In Kamenica and Gentzkow (2017) as well as in Bergemann and Morris (2016) the notion of Blackwell comparioson of experiments is used to compare different information structures. I am trying to find the equivalence between Blackwells order and stochastic dominance order. Let me give a bit notation of the Kamenica and Gentzkow environment.
In Kamenica and Gentzkow environment, there are $n-$ senders indexed by $i$, there exist a finite state space $\Omega$ and $\omega$ is the typical element of the state space. All senders share a commom prior $\mu_0$ about the state of the world and each of them chooses a singan $\pi_i\in \Pi_i$ where $\Pi=\times_{i}\Pi$ is the information environment, then if $\pi\in\Pi$ is a profile of strategies (signals that are chosen by the senders) let $<\pi>$ denote the distribution of beliefs of a Bayesian with prior $\mu_0$ who observes the realization of all signals in $\pi$. So, if $\pi$ is a Nash equilibrium, then $<\pi>$ denotes the equilibrium outcome and we define the distribution of posteriors as $\tau = <\pi>$. In other words, $\tau$ is a feasible outcome if there exists $\pi\in\Pi$ such that $\tau = <\pi>$.
Kamenica and Gentzkow quote that a distribution of posterior beliefs $\tau \succeq \tau^{'}$ if $\tau$ is a mean preserving spread of $\tau^{'}$ in which case this means that $\tau$ is more informatiove than $\tau^{'}$.

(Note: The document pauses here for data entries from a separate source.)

lemma cov_der3_contract_u:
  assumes y: "y \<in> U" and T: "\<And>j k m p. smooth_fn U (\<lambda>z. T z j k m p)"
  shows "cov_der3 g (\<lambda>z j k m. \<Sum>p\<in>UNIV. u z $ p * T z j k m p) y l j k m =
    (\<Sum>p\<in>UNIV. cov_der_u g u y l p * T y j k m p) + (\<Sum>p\<in>UNIV. u y $ p * cov_der4 g T y l j k m p)"
proof -
  let ?G = "christ g y"
  have e1: "(\<Sum>q\<in>UNIV. ?G q l j * (\<Sum>p\<in>UNIV. u y $ p * T y q k m p)) = (\<Sum>p\<in>UNIV. u y $ p * (\<Sum>q\<in>UNIV. ?G q l j * T y q k m p))"
    by (simp only: sum_distrib_left, rule sum_swap_cong, simp add: mult_ac)
  have e2: "(\<Sum>q\<in>UNIV. ?G q l k * (\<Sum>p\<in>UNIV. u y $ p * T y j q m p)) = (\<Sum>p\<in>UNIV. u y $ p * (\<Sum>q\<in>UNIV. ?G q l k * T y j q m p))"
    by (simp only: sum_distrib_left, rule sum_swap_cong, simp add: mult_ac)
  have e3: "(\<Sum>q\<in>UNIV. ?G q l m * (\<Sum>p\<in>UNIV. u y $ p * T y j k q p)) = (\<Sum>p\<in>UNIV. u y $ p * (\<Sum>q\<in>UNIV. ?G q l m * T y j k q p))"
    by (simp only: sum_distrib_left, rule sum_swap_cong, simp add: mult_ac)
  have e4: "(\<Sum>p\<in>UNIV. (\<Sum>q\<in>UNIV. ?G p l q * u y $ q) * T y j k m p) = (\<Sum>p\<in>UNIV. u y $ p * (\<Sum>q\<in>UNIV. ?G q l p * T y j k m q))"
    by (simp only: sum_distrib_left sum_distrib_right, rule sum_swap_cong, simp add: mult_ac)
  have d: "pder l (\<lambda>z. \<Sum>p\<in>UNIV. u z $ p * T z j k m p) y =
      (\<Sum>p\<in>UNIV. pder l (\<lambda>z. u z $ p) y * T y j k m p) + (\<Sum>p\<in>UNIV. u y $ p * pder l (\<lambda>z. T z j k m p) y)"
    using y T by (simp add: pder_smooth_rules smooth_intros smooth_u sum.distrib)
  have L: "cov_der3 g (\<lambda>z j k m. \<Sum>p\<in>UNIV. u z $ p * T z j k m p) y l j k m =
      (\<Sum>p\<in>UNIV. pder l (\<lambda>z. u z $ p) y * T y j k m p) + (\<Sum>p\<in>UNIV. u y $ p * pder l (\<lambda>z. T z j k m p) y)
      - (\<Sum>p\<in>UNIV. u y $ p * (\<Sum>q\<in>UNIV. ?G q l j * T y q k m p))
      - (\<Sum>p\<in>UNIV. u y $ p * (\<Sum>q\<in>UNIV. ?G q l k * T y j q m p))
      - (\<Sum>p\<in>UNIV. u y $ p * (\<Sum>q\<in>UNIV. ?G q l m * T y j k q p))"
    unfolding cov_der3_def d by (simp only: sum.distrib e1 e2 e3)
  have R: "(\<Sum>p\<in>UNIV. cov_der_u g u y l p * T y j k m p) + (\<Sum>p\<in>UNIV. u y $ p * cov_der4 g T y l j k m p) =
      (\<Sum>p\<in>UNIV. pder l (\<lambda>z. u z $ p) y * T y j k m p) + (\<Sum>p\<in>UNIV. u y $ p * (\<Sum>q\<in>UNIV. ?G q l p * T y j k m q))
      + (\<Sum>p\<in>UNIV. u y $ p * pder l (\<lambda>z. T z j k m p) y)
      - (\<Sum>p\<in>UNIV. u y $ p * (\<Sum>q\<in>UNIV. ?G q l j * T y q k m p))
      - (\<Sum>p\<in>UNIV. u y $ p * (\<Sum>q\<in>UNIV. ?G q l k * T y j q m p))
      - (\<Sum>p\<in>UNIV. u y $ p * (\<Sum>q\<in>UNIV. ?G q l m * T y j k q p))
      - (\<Sum>p\<in>UNIV. u y $ p * (\<Sum>q\<in>UNIV. ?G q l p * T y j k m q))"
  proof -
    have "(\<Sum>p\<in>UNIV. cov_der_u g u y l p * T y j k m p) = (\<Sum>p\<in>UNIV. pder l (\<lambda>z. u z $ p) y * T y j k m p)
        + (\<Sum>p\<in>UNIV. (\<Sum>q\<in>UNIV. ?G p l q * u y $ q) * T y j k m p)"
      unfolding cov_der_u_def by (simp add: distrib_right sum.distrib)
    moreover have "(\<Sum>p\<in>UNIV. u y $ p * cov_der4 g T y l j k m p) = (\<Sum>p\<in>UNIV. u y $ p * pder l (\<lambda>z. T z j k m p) y)
      - (\<Sum>p\<in>UNIV. u y $ p * (\<Sum>q\<in>UNIV. ?G q l j * T y q k m p))
      - (\<Sum>p\<in>UNIV. u y $ p * (\<Sum>q\<in>UNIV. ?G q l k * T y j q m p))
      - (\<Sum>p\<in>UNIV. u y $ p * (\<Sum>q\<in>UNIV. ?G q l m * T y j k q p))
      - (\<Sum>p\<in>UNIV. u y $ p * (\<Sum>q\<in>UNIV. ?G q l p * T y j k m q))"
      unfolding cov_der4_def by (simp add: sum.distrib sum_subtractf ring_distribs)
    ultimately show ?thesis unfolding e4 by (simp add: algebra_simps)
  qed
  show ?thesis unfolding L R by (simp add: algebra_simps)
qed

From my understanding the relation of Blackwell order with the Stochastic dominance order should be something like the following
$$\tau \succeq \tau^{'} \Leftrightarrow \text{$\tau \leq_{SOSD} \tau^{'}$ ? or $\tau \geq_{SOSD} \tau^{'} $}? \tag{1}$$
because $\tau$ is a mean preserving spread of $\tau^{'}$, and this means that the latter must be less informative with respect to the former which part of $(1)$ is true?